Deputados batem boca durante votação; até as 19h, a comissão especial havia votado oito dos dez destaques, sendo que apenas um foi aprovado

Deputados discutem com Arthur Maia, relator da proposta de reforma da Previdência, durante reunião em comissão
Luis Macedo/Câmara dos Deputados - 9.5.17
Deputados discutem com Arthur Maia, relator da proposta de reforma da Previdência, durante reunião em comissão

A comissão da reforma da Previdência na Câmara dos Deputados realiza nesta terça-feira (9) a votação dos destaques ao texto-base do projeto , elaborado pelo relator Arthur Maia (PPS-BA). Ao todo, o colegiado precisa analisar dez propostas de modificações no texto para que ele enfim seja liberado a ir ao plenário. Até as 19h, a comissão havia votado oito destaques, sendo que apenas um foi aprovado. 

Os integrantes da comissão decidiram que a inclusão dos agentes penitenciários na regra especial para a aposentadoria de policiais, um dos principais impasses envolvendo a reforma da Previdência  neste momento, será discutido apenas quando a proposta for ao plenário da Câmara. 

Foi rejeitado na comissão, por 22 votos a 14, destaque do PCdoB para retirar da proposta o tempo mínimo de contribuição de 25 anos. Atualmente, na aposentadoria por idade, são exigidos 15 anos.

A comissão rejeitou também, por 23 votos a 14, destaque do PT que questionava a nova forma de cálculo do valor das aposentadorias. O destaque, defendido pelo deputado Assis Carvalho (PT-PI), buscava eliminar a regra que fixa em 70% da média salarial desde julho de 1994 o benefício de aposentadoria aos 25 anos de contribuição. Pela proposta do relator, após 25 anos o percentual vai aumentando até chegar a 100% com 40 anos de contribuição.

Pela regra atual, o benefício só é reduzido pelo fator previdenciário se o trabalhador não se enquadrar na chamada “fórmula 85/95”. Esse cálculo combina idade e tempo de contribuição.

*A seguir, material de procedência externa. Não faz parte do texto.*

(* Under the hypotheses of Theorem 7.3 (positive integers $a,d,r,h,n$, $r\geq2$, $\gcd(a,d)=\gcd(a,r)=1$, $d>hn(r-1)$, $a_0=a$, $a_{k+1}=ha+r^kd$ for $0\leq k\leq n$, $\{a_0,\dots,a_{n+1}\}$ minimally generating $\mathfrak{S}_{n+2}$), let $\ell_0=0$, let $\ell_i$ ($1\leq i\leq a-1$) be the digit sum of the $r$-adic representation of $i$ up to order $n$, and $L=\max\{\ell_i\mid 1\leq i\leq a-1\}$. Let $M=\mathfrak{S}_{n+2}\setminus\{0\}$ and let $\omega_{s,t}$ be the Apéry table entries defined in the context. Then for $0\leq t\leq a-1$ and $0\leq s\leq L$: $$\omega_{s,t}=\begin{cases}\ell_tha+td & \text{if } 0\leq s\leq\ell_t,\\ \ell_tha+td+(s-\ell_t)a & \text{if } \ell_t<s\leq L.\end{cases}$$
   Context: The $r$-adic representation of $i$ up to order $n$ is the unique expression $i=\sum_{k=0}^{n}\alpha_kr^k$ with nonnegative integers $\alpha_k$, $0\leq\alpha_k\leq r-1$ for $k\leq n-1$ and $\alpha_n$ unrestricted. For $n\geq1$, $nM=M+\cdots+M$ ($n$ copies). Apéry table entries: $\omega_{0,t}$ is the element of $\mathrm{Ap}(\mathfrak{S}_{n+2},a)$ congruent to $td$ modulo $a$ ($\omega_{0,0}=0$), and for $s\geq1$, $\omega_{s,t}$ is the smallest element of $sM$ congruent to $td$ modulo $a$. *)

theory Defs
  imports Main
begin

inductive_set semigroup_gen :: "nat set \<Rightarrow> nat set" for A :: "nat set" where
  zero: "0 \<in> semigroup_gen A"
| add: "x \<in> A \<Longrightarrow> y \<in> semigroup_gen A \<Longrightarrow> x + y \<in> semigroup_gen A"

definition minimal_gens :: "nat set \<Rightarrow> bool" where
  "minimal_gens A \<longleftrightarrow> (\<forall>g\<in>A. g \<notin> semigroup_gen (A - {g}))"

Se a mulher tem 55 anos de idade e 30 de contribuição, não há redução porque a soma dá 85. No caso dos homens, essa soma deve ser de 95.

Após a votação dos destaques, o texto será finalizado e publicado no Diário Oficial da Câmara ainda nesta terça-feira (9). A partir daí, é contado o prazo de, pelo menos, duas sessões para que o projeto seja encaminhado ao plenário, o que deve ocorrer na semana do dia 15.

Considerada prioritária pelo governo Michel Temer, a proposta que altera as regras para a aposentadoria precisará ser votada em dois turnos pelo plenário, e contar com o apoio de pelos menos 308 votos para ser aprovada e encaminhada para análise do Senado.

Leia também: Texto da reforma da Previdência não sofrerá novas alterações, diz relator

Bate-boca

O primeiro destaque a ser aprovado no dia diz respeito à pretensão de retomar as causas ligadas a acidentes de trabalho e aposentadoria por invalidez à competência da Justiça do Trabalho, compartilhada com a Justiça Federal.

Pela proposta do relator, as causas relacionadas a acidentes de trabalho seriam avaliadas somente pela Justiça Federal. E o destaque pede que a redação volte à forma como é hoje, sob a competência da Justiça do Trabalho e da Justiça Federal nas esferas estaduais.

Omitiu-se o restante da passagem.